Supporting COVID-19 Response: Call 1166 in Pakistan

Polio eradication call centre in Islamabad converted to fight COVID-19.

The NEOC “Sehat Tahaffuz 1166” Helpline provides lifesaving information. ©UNICEF Pakistan/2020/Sharmin

“How can I help you?” Pause. “Have you travelled out of the country recently?” Pause. “Please stay on the line. I am connecting you to a doctor,” says a young woman reassuringly to someone at the other end of the line.

The call operator works at the ‘Sehat Tahaffuz 1166’ COVID-19 Helpline Centre at the National Emergency Operations Centre (NEOC) for Polio Eradication in Islamabad, Pakistan.

Until last month, Sehat Tahaffuz 1166 was a polio eradication helpline to help caregivers share concerns and receive accurate information about polio and other vaccines. As the pandemic spread, the Government expanded the centre to fight COVID-19.

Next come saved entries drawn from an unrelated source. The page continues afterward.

(* Let $A$ be any of $L_d$, $C_d$ ($d\in\{2,3,\dots\}$), or $L_\infty$, and let $p\in[1,\infty)\setminus\{2\}$. Then there exists an injective free spatial representation of $A$ on $l^p(\mathbb{Z}_{>0})$.
   Context: $L_d$ is the universal complex unital algebra generated by $s_1,\dots,s_d,t_1,\dots,t_d$ with $t_js_j=1$, $t_js_k=0$ ($j\ne k$), $\sum_js_jt_j=1$; $C_d$ has the same generators with only $t_js_j=1$, $t_js_k=0$ ($j\ne k$); $L_\infty$ is on $s_1,s_2,\dots,t_1,t_2,\dots$ with $t_js_j=1$, $t_js_k=0$ ($j\ne k$). A representation is a unital algebra homomorphism into $L(E)$. A representation $\rho$ on $L^p(X,\mu)$ is free if there is a measurable partition $X=\coprod_{m\in\mathbb{Z}}E_m$ with $\rho(s_j)(L^p(E_m,\mu))\subset L^p(E_{m+1},\mu)$ and $\rho(t_j)(L^p(E_m,\mu))\subset L^p(E_{m-1},\mu)$ for all $m$ and $j$ (here $L^p(E,\mu)$ is the subspace of functions vanishing off $E$). $\rho$ is spatial if each $\rho(s_j)$, $\rho(t_j)$ is a spatial partial isometry with $\rho(t_j)$ the reverse of $\rho(s_j)$. Spatial partial isometries: Let $(X,\mathcal{B},\mu)$, $(Y,\mathcal{C},\nu)$ be $\sigma$-finite measure spaces, $\mathcal{N}(\mu)$ the $\mu$-null sets, $\mathcal{B}/\mathcal{N}(\mu)$ the Boolean $\sigma$-algebra of measurable sets modulo null sets. A measurable set transformation is a map $S\colon\mathcal{B}/\mathcal{N}(\mu)\to\mathcal{C}/\mathcal{N}(\nu)$ which is a Boolean algebra homomorphism preserving countable unions; it induces a unique linear map $S_*$ on measurable functions mod a.e. equality with $S_*(\chi_E)=\chi_{S(E)}$ preserving a.e. limits of sequences; for bijective $S$, $S_*(\mu)(F)=\mu(E)$ when $S([E])=[F]$. A spatial system is $(E,F,S,g)$ with $E\in\mathcal{B}$, $F\in\mathcal{C}$, $S$ a bijective measurable set transformation from $(E,\mu|_E)$ to $(F,\nu|_F)$, $g$ measurable on $F$ with $|g|=1$ a.e.; the associated spatial partial isometry is $(s\xi)(y)=g(y)[\tfrac{dS_*(\mu|_E)}{d\nu|_F}(y)]^{1/p}S_*(\xi|_E)(y)$ on $F$ and $0$ off $F$; its reverse has spatial system $(F,E,S^{-1},(S^{-1})_*(g)^{-1})$. *)

theory Defs
  imports Complex_Main
begin

text \<open>We index Z_{>0} by nat via n |-> n+1. A vector is a function nat => complex;
  l^p is the set of p-summable ones (counting measure).\<close>

definition lp :: "real \<Rightarrow> (nat \<Rightarrow> complex) set" where
  "lp p = {\<xi>. summable (\<lambda>n. norm (\<xi> n) powr p)}"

A vital support system during a difficult time

Like many other countries, the global outbreak of COVID-19 poses an enormous challenge to health services in Pakistan. The Sehat Tahaffuz 1166 call centre is increasingly becoming an important platform to listen to the concerns of people, provide correct information, and connect them to a doctor when required.

Sadia Saleem (24), a proud Helpline agent. ©UNICEF Pakistan/2020/Sharmin

“I received a phone call from a 75-year-old man this morning. He was so scared and confused because of the coronavirus situation. He asked if sunbathing could help him stay protected from the virus,” said Sadia Saleem, a 24 year old helpline agent. “I explained to him the symptoms of the virus, and the preventive measures. He seemed relieved and thanked me,” she added.

Sadia is one of the 55 call agents currently supporting the helpline, which operates in shifts, from 8am to midnight every day, seven days a week.

“I’ve been working for the 1166 helpline since its inception. It’s stressful work but I feel proud that I’m serving the people during this challenging time. In addition to receiving reliable information, I think most people feel some comfort just speaking with someone from the health system,” said Sadia of her experiences.

Alongside the agents, the government has assigned six doctors to support the Helpline. Dr. Rabia Basri is one of them.

“I am forwarded calls that are critical and need expert medical advice. Every day, I receive about forty calls, some twenty minutes long. These are difficult times for everyone. I often advise people about personal hygiene and physical distancing, and if they are having symptoms, help connect them with a hospital for the coronavirus test and further medical support,” said Dr. Rabia.

Dr. Rabia Basri is one of six doctors stationed at the Helpline, responding to critical calls with expert medical guidance and referrals. ©UNICEF Pakistan/2020/Sharmin

70,000 calls a day

“Initially, we were receiving about a thousand calls a day. During the National Polio Immunization Campaign in February 2020 for example, people were calling to report missed children, clarify doubts about vaccines and lodge complaints when health and vaccine services were not working,” said Huma Shaukat, the Helpline Liaison Officer.

However, since the outbreak of COVID-19, the call volume has increased dramatically, to about 70,000 calls a day.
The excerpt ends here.